One can only hope that Lotus can convince mobile device manufacturers to alter the "sync with" labels in its next releases to "Exchange or Domino" from "Exchange."

... Nick Shelness

One Comment

  1. Posted January 23, 2009 at 2:47 PM | Permalink

    Nick,
    ActiveSync is an extension to HTTP introducing new keywords besides GET/POST/PUT/DELETE. AFAIK the extensibility of HTTP is part of the w3 spec. The data format might be proprietary but could be iCal, Mime, vCard, so nothing much to call an IP there (this would need verification with the official spec). The MS licensing terms say (as far as I understood the legalese) that any device that wants to connect to a Microsoft Server using ActiveSync needs to have a license. The Domino server doesn’t want to connect to Microsoft Servers using ActiveSync, so that terms don’t match.
    At Lotusphere a working prototype was shown (using an iPhone) and delivery is planned for 2009 (subject to the usual disclaimers of course). Regarding the implementation: I have great confidence in Microsoft’s intention to comply with European rulings to improve the documentation of their protocols.

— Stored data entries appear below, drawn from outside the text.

(* Under the setting of the context, let $f:E\times\mathbb R^d\to\mathbb R$ be bounded and Lipschitz continuous with respect to the second variable, uniformly in the first. Then for all $T\ge0$, $$\sup_{0\le t\le T}\ m^{-2}\Bigl|\sum_{k=0}^{\lfloor m^2t\rfloor-1}f(\xi_k,S_k/m)-\sum_{k=0}^{\lfloor m^2t\rfloor-1}\bar f(S_k/m)\Bigr|\longrightarrow0$$ in probability as $m\to+\infty$, where $\bar f(y)=\sum_{i\in E}f(i,y)\mu(i)$.
   Context: Let $d\ge1$, $(e_1,\dots,e_d)$ the canonical basis, $\mathcal V=\{\pm e_1,\dots,\pm e_d\}$. Let $E$ be a finite set and $P$ an irreducible and aperiodic stochastic matrix on $E$ with unique invariant probability $\mu$. For $k\in E$, $y\in\mathbb R^d$, $p(k,y,\cdot)$ is a probability on $\mathcal V$, with $y\mapsto p(k,y,u)$ twice continuously differentiable with bounded derivatives; $g(k,y)=\sum_uu\,p(k,y,u)$ satisfies $\sum_k\mu(k)g(k,y)=0$ for all $y$. For an integer $m\ge1$, $(\xi_n,S_n)_{n\ge0}$ is a Markov chain on $E\times\mathbb Z^d$ (depending on $m$) with $S_0=0$ and $\mathbb P(\xi_{n+1}=k,S_{n+1}=S_n+u\mid\xi_0,\dots,\xi_n,S_0,\dots,S_n)=P(\xi_n,k)p(\xi_n,S_n/m,u)$ for $k\in E$, $u\in\mathcal V$. *)

theory Defs
  imports "HOL-Probability.Probability"
begin

fun mpow :: "('e::finite \<Rightarrow> 'e \<Rightarrow> real) \<Rightarrow> nat \<Rightarrow> 'e \<Rightarrow> 'e \<Rightarrow> real" where
  "mpow P 0 i j = (if i = j then 1 else 0)"
| "mpow P (Suc n) i j = (\<Sum>k\<in>UNIV. mpow P n i k * P k j)"

definition stochastic :: "('e::finite \<Rightarrow> 'e \<Rightarrow> real) \<Rightarrow> bool" where
  "stochastic P \<longleftrightarrow> (\<forall>i j. P i j \<ge> 0) \<and> (\<forall>i. (\<Sum>j\<in>UNIV. P i j) = 1)"

definition irreducible_mc :: "('e::finite \<Rightarrow> 'e \<Rightarrow> real) \<Rightarrow> bool" where
  "irreducible_mc P \<longleftrightarrow> (\<forall>i j. \<exists>n. mpow P n i j > 0)"

definition aperiodic_mc :: "('e::finite \<Rightarrow> 'e \<Rightarrow> real) \<Rightarrow> bool" where
  "aperiodic_mc P \<longleftrightarrow> (\<forall>i. Gcd {n::nat. n > 0 \<and> mpow P n i i > 0} = 1)"

definition invariant_prob :: "('e::finite \<Rightarrow> 'e \<Rightarrow> real) \<Rightarrow> ('e \<Rightarrow> real) \<Rightarrow> bool" where
  "invariant_prob P \<mu> \<longleftrightarrow> (\<forall>i. \<mu> i \<ge> 0) \<and> (\<Sum>i\<in>UNIV. \<mu> i) = 1 \<and>
     (\<forall>j. (\<Sum>i\<in>UNIV. \<mu> i * P i j) = \<mu> j)"

definition unit_steps :: "(int ^ 'd) set" where
  "unit_steps = {axis i 1 | i. True} \<union> {axis i (-1) | i. True}"

definition rescale :: "nat \<Rightarrow> int ^ 'd \<Rightarrow> real ^ 'd" where
  "rescale m s = (\<chi> i. real_of_int (s $ i) / real m)"

definition fbar :: "('e::finite \<Rightarrow> real ^ 'd \<Rightarrow> real) \<Rightarrow> ('e \<Rightarrow> real) \<Rightarrow> real ^ 'd \<Rightarrow> real" where
  "fbar f \<mu> y = (\<Sum>i\<in>UNIV. f i y * \<mu> i)"

definition drift :: "('e \<Rightarrow> real ^ 'd \<Rightarrow> int ^ 'd \<Rightarrow> real) \<Rightarrow> 'e \<Rightarrow> real ^ 'd \<Rightarrow> real ^ 'd" where
  "drift p k y = (\<Sum>u\<in>unit_steps. p k y u *\<^sub>R (\<chi> i. real_of_int (u $ i)))"

end

(*
  Put h = f - fbar, which has mean zero under mu in its first variable. Since mu is the unique
  invariant law, I - P maps onto the mu-centred functions on E, so h = phi - P phi with phi
  bounded by some K and Lipschitz in y. Along the chain, the sum of h(xi_k, S_k/m) over k < n is
  then a martingale M_n with increments bounded by 2K, plus a boundary term bounded by 2K, plus an
  error of order n/m, because one step moves S/m by 1/m. Chebyshev's inequality with
  E M_n^2 <= 4 K^2 n at the m T + 1 multiples of m below m^2 T, together with the oscillation
  bound 2 K m of M between them, shows that the probability in question is O(1/m).
*)
theory Submission
  imports Defs
begin

section \<open>The Poisson equation for a chain with a unique invariant law\<close>

lemma nonneg_left_fixed_eq_multiple:
  fixes P :: "'e::finite \<Rightarrow> 'e \<Rightarrow> real" and q :: "'e \<Rightarrow> real"
  assumes uniq: "\<And>\<nu>. invariant_prob P \<nu> \<Longrightarrow> \<nu> = \<mu>"
    and q_nonneg: "\<And>i. q i \<ge> 0" and q_fixed: "\<And>j. (\<Sum>i\<in>UNIV. q i * P i j) = q j"
  shows "\<exists>c. \<forall>i. q i = c * \<mu> i"
proof (cases "(\<Sum>i\<in>UNIV. q i) = 0")
  case True
  then have "\<forall>i\<in>UNIV. q i = 0"
    using q_nonneg by (subst sum_nonneg_eq_0_iff[symmetric]) auto
  then show ?thesis by (intro exI[of _ 0]) auto
next
  case False
  define s where "s = (\<Sum>i\<in>UNIV. q i)"
  have s: "s > 0"
    using False q_nonneg unfolding s_def by (metis less_eq_real_def sum_nonneg)
  have "invariant_prob P (\<lambda>i. q i / s)"
    unfolding invariant_prob_def
  proof (intro conjI allI)
    show "0 \<le> q i / s" for i using q_nonneg s by simp
    show "(\<Sum>i\<in>UNIV. q i / s) = 1"
      using s by (simp add: s_def[symmetric] sum_divide_distrib[symmetric])
    show "(\<Sum>i\<in>UNIV. q i / s * P i j) = q j / s" for j
      using q_fixed[of j] by (simp add: sum_divide_distrib[symmetric])
  qed
  then have "(\<lambda>i. q i / s) = \<mu>" by (rule uniq)
  then show ?thesis using s by (intro exI[of _ s]) (auto simp: fun_eq_iff field_simps)
qed

text \<open>A left fixed vector is subinvariant in absolute value, and \<open>P\<close> preserves total mass, so
  there is no room for a strict inequality.\<close>
lemma abs_left_fixed:
  fixes P :: "'e::finite \<Rightarrow> 'e \<Rightarrow> real" and x :: "'e \<Rightarrow> real"
  assumes st: "stochastic P" and x_fixed: "\<And>j. (\<Sum>i\<in>UNIV. x i * P i j) = x j"
  shows "(\<Sum>i\<in>UNIV. \<bar>x i\<bar> * P i j) = \<bar>x j\<bar>"
proof -
  have P_nonneg: "\<And>i j. P i j \<ge> 0" and P_sum: "\<And>i. (\<Sum>j\<in>UNIV. P i j) = 1"
    using st by (auto simp: stochastic_def)
  have sub: "\<bar>x j\<bar> \<le> (\<Sum>i\<in>UNIV. \<bar>x i\<bar> * P i j)" for j
  proof -
    have "\<bar>x j\<bar> = \<bar>\<Sum>i\<in>UNIV. x i * P i j\<bar>" using x_fixed[of j] by simp
    also have "\<dots> \<le> (\<Sum>i\<in>UNIV. \<bar>x i * P i j\<bar>)" by (rule sum_abs)
    also have "\<dots> = (\<Sum>i\<in>UNIV. \<bar>x i\<bar> * P i j)" using P_nonneg by (simp add: abs_mult)
    finally show ?thesis .
  qed
  have "(\<Sum>j\<in>UNIV. \<Sum>i\<in>UNIV. \<bar>x i\<bar> * P i j) = (\<Sum>i\<in>UNIV. \<bar>x i\<bar> * (\<Sum>j\<in>UNIV. P i j))"
    by (subst sum.swap) (simp add: sum_distrib_left)
  also have "\<dots> = (\<Sum>j\<in>UNIV. \<bar>x j\<bar>)" using P_sum by simp
  finally have "(\<Sum>j\<in>UNIV. (\<Sum>i\<in>UNIV. \<bar>x i\<bar> * P i j) - \<bar>x j\<bar>) = 0"
    by (simp add: sum_subtractf)
  then have "\<forall>j\<in>UNIV. (\<Sum>i\<in>UNIV. \<bar>x i\<bar> * P i j) - \<bar>x j\<bar> = 0"
    using sub by (subst sum_nonneg_eq_0_iff[symmetric]) auto
  then show ?thesis by simp
qed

This will lead to better implementations of both ActiveSync and MAPI. Btw. as a registered MSDN member you have access to Microsoft’s own ActiveSync spec. Nevertheless I agree with you, that careful testing is required.
    🙂 stw

    Disclaimer: I work for Lotus, but I’m not writing in any official capacity here, this are my own thoughts (full disclaimer on my blog).

  2. Nick Shelness
    Posted January 24, 2009 at 1:50 AM | Permalink

    Stephan,

    Thanks for your very useful posting. Let me deal with a number of your points in no particular order.

    > Btw. as a registered MSDN member you have access to Microsoft’s own ActiveSync spec.

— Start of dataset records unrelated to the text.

(* Let $G=(V,E)$ be a claw-free graph, let $v_1,v_2\in V$ with $v_1v_2\notin E$, and let $w_1,w_2\in N(v_1)\cap N(v_2)$ with $w_1w_2\notin E$. Then $N[v_1]\cup N[v_2]=N[w_1]\cup N[w_2]$.
   Context: Graphs are finite, simple, undirected; claw-free means no induced $K_{1,3}$. $N(x)$ is the open and $N[x]=N(x)\cup\{x\}$ the closed neighbourhood of $x$. *)

theory Defs
  imports Main
begin

definition simple_graph :: "'a set \<Rightarrow> ('a \<Rightarrow> 'a \<Rightarrow> bool) \<Rightarrow> bool" where
  "simple_graph V E \<longleftrightarrow> finite V \<and> (\<forall>x y. E x y \<longrightarrow> E y x) \<and> (\<forall>x. \<not> E x x)
     \<and> (\<forall>x y. E x y \<longrightarrow> x \<in> V \<and> y \<in> V)"

definition open_nbhd :: "'a set \<Rightarrow> ('a \<Rightarrow> 'a \<Rightarrow> bool) \<Rightarrow> 'a \<Rightarrow> 'a set" where
  "open_nbhd V E x = {y \<in> V. E x y}"

definition closed_nbhd :: "'a set \<Rightarrow> ('a \<Rightarrow> 'a \<Rightarrow> bool) \<Rightarrow> 'a \<Rightarrow> 'a set" where
  "closed_nbhd V E x = insert x (open_nbhd V E x)"

definition claw_free :: "'a set \<Rightarrow> ('a \<Rightarrow> 'a \<Rightarrow> bool) \<Rightarrow> bool" where
  "claw_free V E \<longleftrightarrow> \<not> (\<exists>c\<in>V. \<exists>a\<in>V. \<exists>b\<in>V. \<exists>d\<in>V.
      E c a \<and> E c b \<and> E c d \<and> a \<noteq> b \<and> a \<noteq> d \<and> b \<noteq> d \<and>
      \<not> E a b \<and> \<not> E a d \<and> \<not> E b d)"

end

theory Submission
  imports Defs
begin

text \<open>If \<open>w\<^sub>1, w\<^sub>2\<close> are non-adjacent common neighbours of \<open>v\<^sub>i\<close>, any further neighbour of
  \<open>v\<^sub>i\<close> must see \<open>w\<^sub>1\<close> or \<open>w\<^sub>2\<close>, else \<open>v\<^sub>i\<close> is the centre of a claw. Hence
  \<open>N[v\<^sub>1] \<union> N[v\<^sub>2] \<subseteq> N[w\<^sub>1] \<union> N[w\<^sub>2]\<close>, and the hypotheses are symmetric under
  exchanging the pairs \<open>(v\<^sub>1, v\<^sub>2)\<close> and \<open>(w\<^sub>1, w\<^sub>2)\<close>.\<close>

lemma simple_graph_sym: "simple_graph V E \<Longrightarrow> E x y \<Longrightarrow> E y x"
  unfolding simple_graph_def by blast

lemma claw_free_adj_to_nonadj_pair:
  assumes "simple_graph V E" and "claw_free V E"
    and "E c a" and "E c b" and "E c x"
    and "a \<noteq> b" and "\<not> E a b" and "x \<noteq> a" and "x \<noteq> b"
  shows "E a x \<or> E b x"
proof (rule ccontr)
  assume "\<not> (E a x \<or> E b x)"
  moreover have "c \<in> V" "a \<in> V" "b \<in> V" "x \<in> V" and "\<not> E x a" "\<not> E x b"
    using assms(1,3-5) \<open>\<not> (E a x \<or> E b x)\<close> unfolding simple_graph_def by blast+
  ultimately show False
    using assms(2-) unfolding claw_free_def by blast
qed

lemma mem_closed_nbhd_iff: "x \<in> closed_nbhd V E v \<longleftrightarrow> x = v \<or> x \<in> V \<and> E v x"
  unfolding closed_nbhd_def open_nbhd_def by blast

lemma closed_nbhd_union_subset:
  assumes "simple_graph V E" and "claw_free V E"
    and "v1 \<in> V" and "v2 \<in> V"
    and "E v1 w1" and "E v1 w2" and "E v2 w1" and "E v2 w2"
    and "w1 \<noteq> w2" and "\<not> E w1 w2"
  shows "closed_nbhd V E v1 \<union> closed_nbhd V E v2 \<subseteq> closed_nbhd V E w1 \<union> closed_nbhd V E w2"
proof
  fix x
  assume x: "x \<in> closed_nbhd V E v1 \<union> closed_nbhd V E v2"
  have "x \<in> V"
    using x assms(3,4) by (auto simp: mem_closed_nbhd_iff)
  moreover have "x = w1 \<or> x = w2 \<or> E w1 x \<or> E w2 x"
  proof (cases "x = w1 \<or> x = w2")
    case False
    from x consider "x = v1" | "x = v2" | "E v1 x" | "E v2 x"
      by (auto simp: mem_closed_nbhd_iff)
    then show ?thesis
    proof cases
      case 1
      then show ?thesis using simple_graph_sym[OF assms(1,5)] by simp
    next
      case 2
      then show ?thesis using simple_graph_sym[OF assms(1,7)] by simp
    next
      case 3
      then show ?thesis
        using claw_free_adj_to_nonadj_pair[OF assms(1,2,5,6) _ assms(9,10)] False by blast
    next
      case 4
      then show ?thesis
        using claw_free_adj_to_nonadj_pair[OF assms(1,2,7,8) _ assms(9,10)] False by blast
    qed
  qed blast
  ultimately show "x \<in> closed_nbhd V E w1 \<union> closed_nbhd V E w2"
    by (auto simp: mem_closed_nbhd_iff)
qed

theorem lemma7:
  fixes V :: "'a set" and E :: "'a \<Rightarrow> 'a \<Rightarrow> bool"
  assumes "simple_graph V E" and "claw_free V E"
    and "v1 \<in> V" and "v2 \<in> V" and "v1 \<noteq> v2" and "\<not> E v1 v2"
    and "w1 \<in> open_nbhd V E v1 \<inter> open_nbhd V E v2"
    and "w2 \<in> open_nbhd V E v1 \<inter> open_nbhd V E v2"
    and "w1 \<noteq> w2" and "\<not> E w1 w2"
  shows "closed_nbhd V E v1 \<union> closed_nbhd V E v2 = closed_nbhd V E w1 \<union> closed_nbhd V E w2"
proof -
  have adj: "E v1 w1" "E v1 w2" "E v2 w1" "E v2 w2" and "w1 \<in> V" "w2 \<in> V"
    using assms(7,8) unfolding open_nbhd_def by auto
  have adj': "E w1 v1" "E w1 v2" "E w2 v1" "E w2 v2"
    using adj by (metis simple_graph_sym[OF assms(1)])+
  have "closed_nbhd V E v1 \<union> closed_nbhd V E v2 \<subseteq> closed_nbhd V E w1 \<union> closed_nbhd V E w2"
    using closed_nbhd_union_subset[OF assms(1-4) adj assms(9,10)] .
  moreover
  have "closed_nbhd V E w1 \<union> closed_nbhd V E w2 \<subseteq> closed_nbhd V E v1 \<union> closed_nbhd V E v2"
    using closed_nbhd_union_subset[OF assms(1,2) \<open>w1 \<in> V\<close> \<open>w2 \<in> V\<close> adj' assms(5,6)] .
  ultimately show ?thesis
    by (rule subset_antisym)
qed

end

    I let my MSDN subscription lapse several years ago. As a private individual, I couldn’t justify the expense.

    > ActiveSync is an extension to HTTP introducing new keywords besides GET/POST/PUT/DELETE.

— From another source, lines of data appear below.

definition algebra_of_quotients ::
  "('f::field \<Rightarrow> 'q::ab_group_add \<Rightarrow> 'q) \<Rightarrow> ('q \<Rightarrow> 'q \<Rightarrow> 'q) \<Rightarrow> 'q set \<Rightarrow> bool" where
  "algebra_of_quotients scale br L \<longleftrightarrow>
     (\<forall>p q. p \<noteq> 0 \<longrightarrow>
        (\<exists>x\<in>colon scale br L q. br x p \<noteq> 0) \<or> (\<exists>y\<in>colon scale br L q. br p y \<noteq> 0))"

end

theory Submission
  imports Defs
begin

text \<open>Given p \<noteq> 0 and q, absorption applied to R_p and R_q yields an ideal I of \<A>_0 with
  R_q I \<subseteq> \<A>_0 and some j \<in> I with R_p j \<noteq> 0; density then gives y \<in> L with [j y, p] \<noteq> 0.
  The witness x = j y lies in (L:q). Indeed X = I(L) is a subset of L stable under brackets with
  L; q brackets X into L from the right because R_q I \<subseteq> \<A>_0, and from the left because every
  value of an operator in \<A>(Q) is a sum of brackets and thus anticommutes with everything. By the
  two Leibniz identities, the elements bracketing X into L on both sides form a subspace stable
  under \<A>_Q(L), so this subspace contains {}_L(q).\<close>

lemma gen_alg_without_id_subset:
  "\<mu> \<in> gen_alg scale br False X Y \<Longrightarrow> \<mu> \<in> gen_alg scale br True X Y"
  by (induction rule: gen_alg.induct) (blast intro: gen_alg.intros)+

lemma gen_alg_maps_closed_set:
  assumes "\<mu> \<in> gen_alg scale br withid X Y" and "w \<in> W"
    and "0 \<in> W"
    and "\<And>v w. v \<in> W \<Longrightarrow> w \<in> W \<Longrightarrow> v + w \<in> W"
    and "\<And>c w. w \<in> W \<Longrightarrow> scale c w \<in> W"
    and "\<And>x w. x \<in> X \<Longrightarrow> w \<in> W \<Longrightarrow> br w x \<in> W"
    and "\<And>y w. y \<in> Y \<Longrightarrow> w \<in> W \<Longrightarrow> br y w \<in> W"
  shows "\<mu> w \<in> W"
  using assms(1,2)
  by (induction arbitrary: w rule: gen_alg.induct)
    (auto simp: Rmult_def Lmult_def intro: assms(3-7))

lemma idealL_subset:
  assumes "q \<in> W"
    and W_zero: "0 \<in> W"
    and W_add: "\<And>v w. v \<in> W \<Longrightarrow> w \<in> W \<Longrightarrow> v + w \<in> W"
    and W_scale: "\<And>c w. w \<in> W \<Longrightarrow> scale c w \<in> W"
    and W_br: "\<And>a w. a \<in> L \<Longrightarrow> w \<in> W \<Longrightarrow> br w a \<in> W \<and> br a w \<in> W"
  shows "idealL scale br L q \<subseteq> W"
proof -
  have "\<xi> q \<in> W" if "\<xi> \<in> multAL scale br L" for \<xi>
    using that unfolding multAL_def
    by (rule gen_alg_maps_closed_set[OF _ \<open>q \<in> W\<close> W_zero W_add W_scale]) (simp_all add: W_br)
  then have "sum_list (map (\<lambda>\<xi>. \<xi> q) \<xi>s) \<in> W" if "set \<xi>s \<subseteq> multAL scale br L" for \<xi>s
    using that by (induction \<xi>s) (simp_all add: W_zero W_add)
  then show ?thesis
    unfolding idealL_def using \<open>q \<in> W\<close> W_add W_scale by blast
qed

lemma Rmult_nonzero:
  assumes "ran_alg br = {0}" and "p \<noteq> 0"
  shows "Rmult br p \<noteq> (\<lambda>u. 0)"
proof
  assume "Rmult br p = (\<lambda>u. 0)"
  then have "br y p = 0" for y
    unfolding Rmult_def by (rule fun_cong)
  then have "p \<in> ran_alg br" unfolding ran_alg_def by blast
  with assms show False by simp
qed

lemma Rmult_in_multA: "Rmult br p \<in> multA scale br"
  unfolding multA_def by (rule gen_R) simp

lemma multA_subset_multM: "multA scale br \<subseteq> multM scale br"
  unfolding multA_def multM_def using gen_alg_without_id_subset by blast

lemma dense_in_nonzero_at:
  assumes "dense_in scale br L" "\<mu> \<in> multM scale br" "\<mu> \<noteq> (\<lambda>u. 0)"
  obtains y where "y \<in> L" "\<mu> y \<noteq> 0"
  using assms unfolding dense_in_def by blast

text \<open>The ideal I obtained for the pair (p, q) may witness only q. A second application, to
  (p, p), supplies a nonzero element p \<circ> i1 of A, which does not annihilate I since
  lan_A(I) = 0.\<close>

lemma strong_right_ideally_absorbed_nonzero_product:
  assumes absorbed: "strong_right_ideally_absorbed scale S A"
    and "p \<in> S" "q \<in> S" "p \<noteq> (\<lambda>u. 0)"
  obtains I j where "two_sided_ideal scale A I" "\<forall>i\<in>I. q \<circ> i \<in> A" "j \<in> I" "p \<circ> j \<noteq> (\<lambda>u. 0)"
proof -
  note absorb = absorbed[unfolded strong_right_ideally_absorbed_def, rule_format]
  obtain I1 where I1: "two_sided_ideal scale A I1" "\<forall>i\<in>I1. p \<circ> i \<in> A"
    and "\<exists>i\<in>I1. p \<circ> i \<noteq> (\<lambda>u. 0)"
    using absorb[OF \<open>p \<in> S\<close> \<open>p \<in> S\<close> \<open>p \<noteq> _\<close> \<open>p \<noteq> _\<close>] by (elim exE conjE) auto
  then obtain i1 where i1: "i1 \<in> I1" "p \<circ> i1 \<noteq> (\<lambda>u. 0)" by blast
  define q' where "q' = (if q = (\<lambda>u. 0) then p else q)"
  have "q' \<in> S" "q' \<noteq> (\<lambda>u. 0)"
    using assms(2-4) by (auto simp: q'_def)
  then obtain I where I: "two_sided_ideal scale A I" "lan_in A I = {\<lambda>u. 0}"
    "\<forall>i\<in>I. q' \<circ> i \<in> A"
    using absorb[OF \<open>p \<in> S\<close> \<open>q' \<in> S\<close> \<open>p \<noteq> _\<close> \<open>q' \<noteq> _\<close>] by (elim exE conjE) auto
  have "\<forall>i\<in>I. q \<circ> i \<in> A"
  proof (cases "q = (\<lambda>u. 0)")
    case True
    then show ?thesis using I(1) unfolding two_sided_ideal_def by (auto simp: comp_def)
  next
    case False
    then show ?thesis using I(3) by (simp add: q'_def)
  qed
  moreover have "p \<circ> i1 \<notin> lan_in A I" using I(2) i1(2) by blast
  then obtain i where i: "i \<in> I" "p \<circ> i1 \<circ> i \<noteq> (\<lambda>u. 0)"
    using I1(2) i1(1) unfolding lan_in_def by blast
  moreover have "i1 \<circ> i \<in> I"
    using I(1) I1(1) i1(1) i(1) unfolding two_sided_ideal_def by blast
  ultimately show thesis
    using that[OF I(1)] by (simp add: comp_assoc)
qed

locale symmetric_leibniz =
  fixes scale :: "'f::field \<Rightarrow> 'q::ab_group_add \<Rightarrow> 'q"
    and br :: "'q \<Rightarrow> 'q \<Rightarrow> 'q"
  assumes symmetric_leibniz: "symmetric_leibniz_algebra scale br"
begin

lemma vector_space_scale: "vector_space scale"
  using symmetric_leibniz unfolding symmetric_leibniz_algebra_def by blast

sublocale vector_space scale
  by (rule vector_space_scale)

lemma br_add_left: "br (x + y) z = br x z + br y z"
  and br_add_right: "br x (y + z) = br x y + br x z"
  and br_scale_left: "br (scale c x) y = scale c (br x y)"
  and br_scale_right: "br x (scale c y) = scale c (br x y)"
  using symmetric_leibniz unfolding symmetric_leibniz_algebra_def bilinear_bracket_def by blast+

lemma leibniz_right: "br x (br y z) = br (br x y) z - br (br x z) y"
  and leibniz_left: "br x (br y z) = br (br x y) z + br y (br x z)"
  using symmetric_leibniz unfolding symmetric_leibniz_algebra_def by blast+

lemma br_zero_left [simp]: "br 0 x = 0"
  using br_add_left[of 0 0 x] by simp

lemma br_zero_right [simp]: "br x 0 = 0"
  using br_add_right[of x 0 0] by simp

lemma br_anticomm_br: "br y (br x z) = - br (br x z) y"
proof -
  have "br (br x y) z - br (br x z) y = br (br x y) z + br y (br x z)"
    using leibniz_right[of x y z] leibniz_left[of x y z] by simp
  then have "br y (br x z) + br (br x z) y = 0"
    by (simp add: algebra_simps)
  then show ?thesis
    by (simp add: eq_neg_iff_add_eq_0)
qed

lemma gen_alg_anticomm:
  assumes "\<mu> \<in> gen_alg scale br False X Y"
  shows "br v (\<mu> u) = - br (\<mu> u) v"
  using assms
proof (induction arbitrary: u v rule: gen_alg.induct)
  case (gen_R x)
  show ?case unfolding Rmult_def by (rule br_anticomm_br)
next
  case (gen_L y)
  show ?case unfolding Lmult_def by (rule br_anticomm_br)
next
  case (gen_add \<mu> \<nu>)
  then show ?case by (simp add: br_add_left br_add_right)
next
  case (gen_scale \<mu> c)
  then show ?case by (simp add: br_scale_left br_scale_right)
qed simp_all

end

definition bracket_conductor :: "('q \<Rightarrow> 'q \<Rightarrow> 'q) \<Rightarrow> 'q set \<Rightarrow> 'q set \<Rightarrow> 'q set" where
  "bracket_conductor br L X = {w. \<forall>x\<in>X. br x w \<in> L \<and> br w x \<in> L}"

locale leibniz_subalgebra = symmetric_leibniz scale br
  for scale :: "'f::field \<Rightarrow> 'q::ab_group_add \<Rightarrow> 'q" and br +
  fixes L :: "'q set"
  assumes subalgebra: "subalgebra scale br L"
begin

lemma zero_mem: "0 \<in> L"
  and add_mem: "x \<in> L \<Longrightarrow> y \<in> L \<Longrightarrow> x + y \<in> L"
  and scale_mem: "x \<in> L \<Longrightarrow> scale c x \<in> L"
  and br_mem: "x \<in> L \<Longrightarrow> y \<in> L \<Longrightarrow> br x y \<in> L"
  using subalgebra unfolding subalgebra_def by auto

lemma neg_mem: "x \<in> L \<Longrightarrow> - x \<in> L"
  using scale_mem[of x "-1"] by simp

lemma diff_mem: "x \<in> L \<Longrightarrow> y \<in> L \<Longrightarrow> x - y \<in> L"
  using add_mem[OF _ neg_mem, of x y] by simp

lemma Lmult_in_multA0: "a \<in> L \<Longrightarrow> Lmult br a \<in> multA0 scale br L"
  using gen_L[of a UNIV] unfolding multA0_def multA_def
  by (auto simp: Lmult_def br_mem)

lemma Rmult_in_multA0: "a \<in> L \<Longrightarrow> Rmult br a \<in> multA0 scale br L"
  using Rmult_in_multA[where p = a] unfolding multA0_def
  by (auto simp: Rmult_def br_mem)

text \<open>The Leibniz identities rewrite each bracket of x \<in> X with [w, a] or [a, w] as brackets of
  w with [x, a], [a, x] \<in> X plus brackets of elements of L.\<close>

lemma bracket_conductor_br_mem:
  assumes X: "\<And>a x. a \<in> L \<Longrightarrow> x \<in> X \<Longrightarrow> br a x \<in> X \<and> br x a \<in> X"
    and a: "a \<in> L" and w: "w \<in> bracket_conductor br L X"
  shows "br w a \<in> bracket_conductor br L X \<and> br a w \<in> bracket_conductor br L X"
proof -
  have "br x (br w a) \<in> L \<and> br (br w a) x \<in> L \<and> br x (br a w) \<in> L \<and> br (br a w) x \<in> L"
    if x: "x \<in> X" for x
  proof -
    have xw: "br x w \<in> L" "br w x \<in> L"
      using w x unfolding bracket_conductor_def by auto
    have "br (br x a) w \<in> L" "br w (br x a) \<in> L" "br (br a x) w \<in> L" "br w (br a x) \<in> L"
      using w X[OF a x] unfolding bracket_conductor_def by auto
    moreover have "br x (br w a) = br (br x w) a - br (br x a) w"
      and "br (br w a) x = br w (br a x) + br (br w x) a"
      and "br x (br a w) = br (br x a) w + br a (br x w)"
      and "br (br a w) x = br a (br w x) + br (br a x) w"
      using leibniz_right[of x w a] leibniz_right[of w a x] leibniz_left[of x a w]
        leibniz_right[of a w x]
      by (simp_all add: algebra_simps)
    ultimately show ?thesis
      using xw a by (simp add: add_mem diff_mem br_mem)
  qed
  then show ?thesis unfolding bracket_conductor_def by blast
qed

lemma idealL_subset_bracket_conductor:
  assumes "\<And>a x. a \<in> L \<Longrightarrow> x \<in> X \<Longrightarrow> br a x \<in> X \<and> br x a \<in> X"
    and "q \<in> bracket_conductor br L X"
  shows "idealL scale br L q \<subseteq> bracket_conductor br L X"
  using assms
  by (intro idealL_subset bracket_conductor_br_mem)
    (auto simp: bracket_conductor_def zero_mem add_mem scale_mem br_add_left br_add_right
      br_scale_left br_scale_right)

    SyncML also has an HTTP binding. Does Active Sync add verbs (methods) beyond those added by WebDAV? How much of the ActiveSync spec is concerned with defining the transfer protocol (commands and responses), and how much is concerned with defining the payload?

    > The data format might be proprietary but could be iCal, Mime, vCard, so nothing much to call an IP there (this would need verification with the official spec).

    HTTP is certainly payload independent (consider SOAP), is ActiveSync, in and of itself, similarly payload independent?

    > I have great confidence in Microsoft’s intention to comply with European rulings to improve the documentation of their protocols.

    Hmm? I agree with you that Microsoft are now serious (though it took a while for responsibility to pass from legal to technical folks) about complying with EU documentation requirements. They currently have a small army of engineers in China writing the necessary documents. The problem, historically, was not that Microsoft didn’t share their documentation with others, it was that they didn’t have any.

    > This will lead to better implementations of both ActiveSync and MAPI.

    Hmm? I’m not sure that quality of implementation is as tightly tied to the quality/availability of documentation as you posit. It has never ceased to surprise many of us in the email community how distant from the relevant RFCs many SMTP and IMF (Internet Message Format) implementations are.

    That the Internet’s email infrastructure works a reliably as it does is a small miracle.

    Nick

  3. fr@nk
    Posted January 24, 2009 at 8:45 AM | Permalink

    Activesync Protocol detailed description: http://msdn.microsoft.com/en-us/library/cc425499.aspx

    Frank.

  4. Nick Shelness
    Posted January 24, 2009 at 9:30 AM | Permalink

    Thanks fr@nk.

    I wonder why it didn’t come up on Google.